(* Let $\alpha>0$ be fixed. There is a constant $C>0$ (depending only on $\alpha$) such that the following holds. Let $\mathcal{R}=\{P_1,\dots,P_n\}$ be a set of $n$ pairwise disjoint, connected, $\alpha$-fat simple polygons in the plane, let $0<\varepsilon<1$, let $T^*$ be an optimal tour of $\mathcal{R}$ with length $L^*$, let $W_0$ be the axis-aligned bounding box of $T^*$, let $\mathcal{R}_{W_0}\subseteq\mathcal{R}$ be the set of regions lying entirely inside $W_0$, and let $\lambda(\mathcal{R}_{W_0})$ be the sum of the diameters of the regions in $\mathcal{R}_{W_0}$. Then $L^*\ge C\cdot \lambda(\mathcal{R}_{W_0})/\log(n/\varepsilon)$.
   Context: A region $P$ is $\alpha$-fat if $\mathrm{area}(P)\ge \alpha\,[\mathrm{diam}(P)]^2$. A tour of $\mathcal{R}$ is a closed curve in the plane that intersects every region; an optimal tour is one of minimum Euclidean length. *)

theory Defs
  imports "HOL-Analysis.Analysis"
begin

text \<open>The plane is modelled as the complex numbers (Euclidean metric, Lebesgue measure).\<close>

fun polypath :: "complex list \<Rightarrow> real \<Rightarrow> complex" where
  "polypath [] = linepath 0 0"
| "polypath [a] = linepath a a"
| "polypath [a, b] = linepath a b"
| "polypath (a # b # c # xs) = linepath a b +++ polypath (b # c # xs)"

definition simple_polygon :: "complex set \<Rightarrow> bool" where
  "simple_polygon P \<longleftrightarrow>
     (\<exists>vs. length vs \<ge> 3 \<and> simple_path (polypath (vs @ [hd vs])) \<and>
        P = path_image (polypath (vs @ [hd vs])) \<union> inside (path_image (polypath (vs @ [hd vs]))))"

definition fat :: "real \<Rightarrow> complex set \<Rightarrow> bool" where
  "fat \<alpha> P \<longleftrightarrow> measure lebesgue P \<ge> \<alpha> * (diameter P)\<^sup>2"

definition curve_length :: "(real \<Rightarrow> complex) \<Rightarrow> ereal" where
  "curve_length g = (SUP ts \<in> {ts. sorted ts \<and> set ts \<subseteq> {0..1}}.
      ereal (\<Sum>i < length ts - 1. dist (g (ts ! i)) (g (ts ! Suc i))))"

definition is_tour :: "complex set set \<Rightarrow> (real \<Rightarrow> complex) \<Rightarrow> bool" where
  "is_tour R g \<longleftrightarrow> path g \<and> pathfinish g = pathstart g \<and> (\<forall>P\<in>R. path_image g \<inter> P \<noteq> {})"

definition optimal_tour :: "complex set set \<Rightarrow> (real \<Rightarrow> complex) \<Rightarrow> bool" where
  "optimal_tour R g \<longleftrightarrow> is_tour R g \<and> (\<forall>h. is_tour R h \<longrightarrow> curve_length g \<le> curve_length h)"

definition bbox :: "complex set \<Rightarrow> complex set" where
  "bbox S = cbox (Complex (Inf (Re ` S)) (Inf (Im ` S))) (Complex (Sup (Re ` S)) (Sup (Im ` S)))"

end

theory Submission
  imports Defs
begin

text \<open>
  Let L be the length of the optimal tour T; it is finite because a polygonal tour through one
  point of each region competes with T. Every region inside the bounding box of T meets T and has
  diameter at most 2L. Group these regions by diameter into dyadic classes (L/2^k, 2L/2^k].
  A maximal (L/2^k)-separated set of points on T has at most 2^k + 1 elements, and the squares of
  side 6L/2^k around them cover every region of class k; as the regions are disjoint and
  \<alpha>-fat, their areas show that class k has O(2^k/\<alpha>) members, so its diameters add up to
  at most 144L/\<alpha>. With K = \<lceil>log 2 (n/\<epsilon>)\<rceil> classes, the remaining regions
  have diameter at most 2L/2^K \<le> 2L/n and contribute at most 2L. Hence the total diameter is at
  most (288/\<alpha> + 2) L log 2 (n/\<epsilon>).
\<close>

section \<open>Length of curves\<close>

lemma curve_length_ge_dist:
  assumes "a \<in> {0..1}" "b \<in> {0..1}"
  shows "ereal (dist (g a) (g b)) \<le> curve_length g"
proof -
  have ordered: "ereal (dist (g x) (g y)) \<le> curve_length g" if "x \<le> y" "x \<in> {0..1}" "y \<in> {0..1}" for x y
  proof -
    have "[x, y] \<in> {ts. sorted ts \<and> set ts \<subseteq> {0..1}}" using that by auto
    then have "ereal (\<Sum>i < length [x, y] - 1. dist (g ([x, y] ! i)) (g ([x, y] ! Suc i))) \<le> curve_length g"
      unfolding curve_length_def by (rule SUP_upper)
    then show ?thesis by simp
  qed
  show ?thesis
  proof (cases "a \<le> b")
    case True
    then show ?thesis using ordered assms by simp
  next
    case False
    then show ?thesis using ordered[of b a] assms by (simp add: dist_commute)
  qed
qed

lemma curve_length_nonneg: "0 \<le> curve_length g"
proof -
  have "[] \<in> {ts. sorted ts \<and> set ts \<subseteq> {0..1::real}}" by auto
  then have "ereal (\<Sum>i < length ([] :: real list) - 1. dist (g ([] ! i)) (g ([] ! Suc i))) \<le> curve_length g"
    unfolding curve_length_def by (rule SUP_upper)
  then show ?thesis by (simp add: zero_ereal_def)
qed

lemma curve_length_le_lipschitz:
  assumes "K-lipschitz_on {0..1} g"
  shows "curve_length g \<le> ereal K"
  unfolding curve_length_def
proof (rule SUP_least)
  fix ts :: "real list" assume "ts \<in> {ts. sorted ts \<and> set ts \<subseteq> {0..1}}"
  then have sorted: "sorted ts" and ts01: "set ts \<subseteq> {0..1}" by auto
  have K: "0 \<le> K" using assms by (rule lipschitz_on_nonneg)
  show "ereal (\<Sum>i < length ts - 1. dist (g (ts ! i)) (g (ts ! Suc i))) \<le> ereal K"
  proof (cases ts)
    case Nil then show ?thesis using K by simp
  next
    case (Cons t ts')
    define m where "m = length ts - 1"
    have m: "m < length ts" using Cons by (simp add: m_def)
    have "(\<Sum>i < m. dist (g (ts ! i)) (g (ts ! Suc i))) \<le> (\<Sum>i < m. K * (ts ! Suc i - ts ! i))"
    proof (rule sum_mono)
      fix i assume "i \<in> {..<m}"
      then have i: "Suc i < length ts" by (simp add: m_def)
      then have "ts ! i \<le> ts ! Suc i" using sorted by (simp add: sorted_iff_nth_mono)
      moreover have "{ts ! i, ts ! Suc i} \<subseteq> set ts" using i by (auto intro!: nth_mem)
      then have "ts ! i \<in> {0..1}" "ts ! Suc i \<in> {0..1}" using ts01 by auto
      ultimately show "dist (g (ts ! i)) (g (ts ! Suc i)) \<le> K * (ts ! Suc i - ts ! i)"
        using lipschitz_onD[OF assms] by (fastforce simp: dist_real_def)
    qed
    also have "\<dots> = K * (ts ! m - ts ! 0)"
      by (simp add: sum_distrib_left[symmetric] sum_lessThan_telescope)
    also have "\<dots> \<le> K"
    proof -
      have "{ts ! m, ts ! 0} \<subseteq> set ts" using m by (auto intro!: nth_mem)
      then have "ts ! m \<in> {0..1}" "ts ! 0 \<in> {0..1}" using ts01 by auto
      then show ?thesis using K by (intro mult_left_le) auto
    qed
    finally show ?thesis by (simp add: m_def)
  qed
qed

lemma lipschitz_on_linepath: "(cmod (b - a))-lipschitz_on U (linepath a b)"
proof (rule lipschitz_onI)
  fix x y :: real
  have "linepath a b x - linepath a b y = of_real (x - y) * (b - a)"
    by (simp add: linepath_def scaleR_conv_of_real algebra_simps)
  then have "dist (linepath a b x) (linepath a b y) = \<bar>x - y\<bar> * cmod (b - a)"
    by (simp only: dist_norm norm_mult norm_of_real)
  then show "dist (linepath a b x) (linepath a b y) \<le> cmod (b - a) * dist x y"
    by (simp add: dist_real_def)
qed simp

lemma lipschitz_on_joinpaths:
  assumes g: "K-lipschitz_on {0..1} g" and h: "K-lipschitz_on {0..1} h"
    and "pathfinish g = pathstart h"
  shows "(2 * K)-lipschitz_on {0..1} (g +++ h)"
proof -
  have "2-lipschitz_on {0..1/2} (\<lambda>x::real. 2 * x)" "2-lipschitz_on {1/2..1} (\<lambda>x::real. 2 * x - 1)"
    by (auto intro!: lipschitz_onI simp: dist_real_def abs_if)
  moreover have "(\<lambda>x::real. 2 * x) ` {0..1/2} \<subseteq> {0..1}" "(\<lambda>x::real. 2 * x - 1) ` {1/2..1} \<subseteq> {0..1}"
    by auto
  ultimately have "(K * 2)-lipschitz_on {0..1/2} (\<lambda>x. g (2 * x))"
    and "(K * 2)-lipschitz_on {1/2..1} (\<lambda>x. h (2 * x - 1))"
    using lipschitz_on_compose2 lipschitz_on_subset[OF g] lipschitz_on_subset[OF h] by metis+
  then have "(K * 2)-lipschitz_on {0..1} (\<lambda>x. if x \<le> 1/2 then g (2 * x) else h (2 * x - 1))"
    using assms(3) by (intro lipschitz_on_concat) (auto simp: pathfinish_def pathstart_def)
  then show ?thesis by (simp add: joinpaths_def[abs_def] mult.commute)
qed

section \<open>Polygonal tours\<close>

lemma pathstart_polypath: "xs \<noteq> [] \<Longrightarrow> pathstart (polypath xs) = hd xs"
  by (induction xs rule: polypath.induct) auto

lemma pathfinish_polypath: "xs \<noteq> [] \<Longrightarrow> pathfinish (polypath xs) = last xs"
  by (induction xs rule: polypath.induct) auto

lemma path_polypath: "path (polypath xs)"
  by (induction xs rule: polypath.induct) (auto simp: pathstart_polypath path_const)

lemma set_subset_path_image_polypath: "set xs \<subseteq> path_image (polypath xs)"
  by (induction xs rule: polypath.induct)
    (auto simp: path_image_join pathstart_polypath)

lemma ex_lipschitz_on_polypath: "\<exists>K. K-lipschitz_on {0..1} (polypath xs)"
proof (induction xs rule: polypath.induct)
  case (4 a b c xs)
  then obtain K where K: "K-lipschitz_on {0..1} (polypath (b # c # xs))" by blast
  define M where "M = max K (cmod (b - a))"
  have "M-lipschitz_on {0..1} (linepath a b)" "M-lipschitz_on {0..1} (polypath (b # c # xs))"
    using lipschitz_on_le[OF lipschitz_on_linepath[of b a]] lipschitz_on_le[OF K] by (auto simp: M_def)
  then have "(2 * M)-lipschitz_on {0..1} (polypath (a # b # c # xs))"
    by (auto intro: lipschitz_on_joinpaths simp: pathstart_polypath)
  then show ?case by blast
qed (auto intro: lipschitz_on_constant lipschitz_on_linepath)

lemma optimal_tour_length_finite:
  assumes "finite R" "optimal_tour R T"
  obtains L where "curve_length T = ereal L" "0 \<le> L"
proof -
  obtain x where x: "\<And>P. P \<in> R \<Longrightarrow> x P \<in> P"
    using assms(2) by (metis optimal_tour_def is_tour_def disjoint_iff)
  obtain xs where xs: "set xs = x ` R" using finite_list assms(1) by (metis finite_imageI)
  define tour where "tour = polypath (0 # xs @ [0])"
  have "is_tour R tour"
    using x xs set_subset_path_image_polypath[of "0 # xs @ [0]"]
    by (fastforce simp: is_tour_def tour_def path_polypath pathstart_polypath pathfinish_polypath)
  then have "curve_length T \<le> curve_length tour"
    using assms(2) by (simp add: optimal_tour_def)
  moreover obtain K where "curve_length tour \<le> ereal K"
    using ex_lipschitz_on_polypath curve_length_le_lipschitz unfolding tour_def by blast
  ultimately have "curve_length T \<noteq> \<infinity>" by auto
  then show ?thesis
    using curve_length_nonneg[of T] that by (cases "curve_length T") auto
qed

▬▬▬▬▬▬▬▬▬▬

■ TASK TO COMPLETE: All lines in the listing above from the line containing "diameters add up to" to the line containing "length [x, y]", inclusive, should be retyped exactly; no other lines should appear.

■ SOLUTION:
  \<alpha>-fat, their areas show that class k has O(2^k/\<alpha>) members, so its diameters add up to
  at most 144L/\<alpha>. With K = \<lceil>log 2 (n/\<epsilon>)\<rceil> classes, the remaining regions
  have diameter at most 2L/2^K \<le> 2L/n and contribute at most 2L. Hence the total diameter is at
  most (288/\<alpha> + 2) L log 2 (n/\<epsilon>).
\<close>

section \<open>Length of curves\<close>

lemma curve_length_ge_dist:
  assumes "a \<in> {0..1}" "b \<in> {0..1}"
  shows "ereal (dist (g a) (g b)) \<le> curve_length g"
proof -
  have ordered: "ereal (dist (g x) (g y)) \<le> curve_length g" if "x \<le> y" "x \<in> {0..1}" "y \<in> {0..1}" for x y
  proof -
    have "[x, y] \<in> {ts. sorted ts \<and> set ts \<subseteq> {0..1}}" using that by auto
    then have "ereal (\<Sum>i < length [x, y] - 1. dist (g ([x, y] ! i)) (g ([x, y] ! Suc i))) \<le> curve_length g"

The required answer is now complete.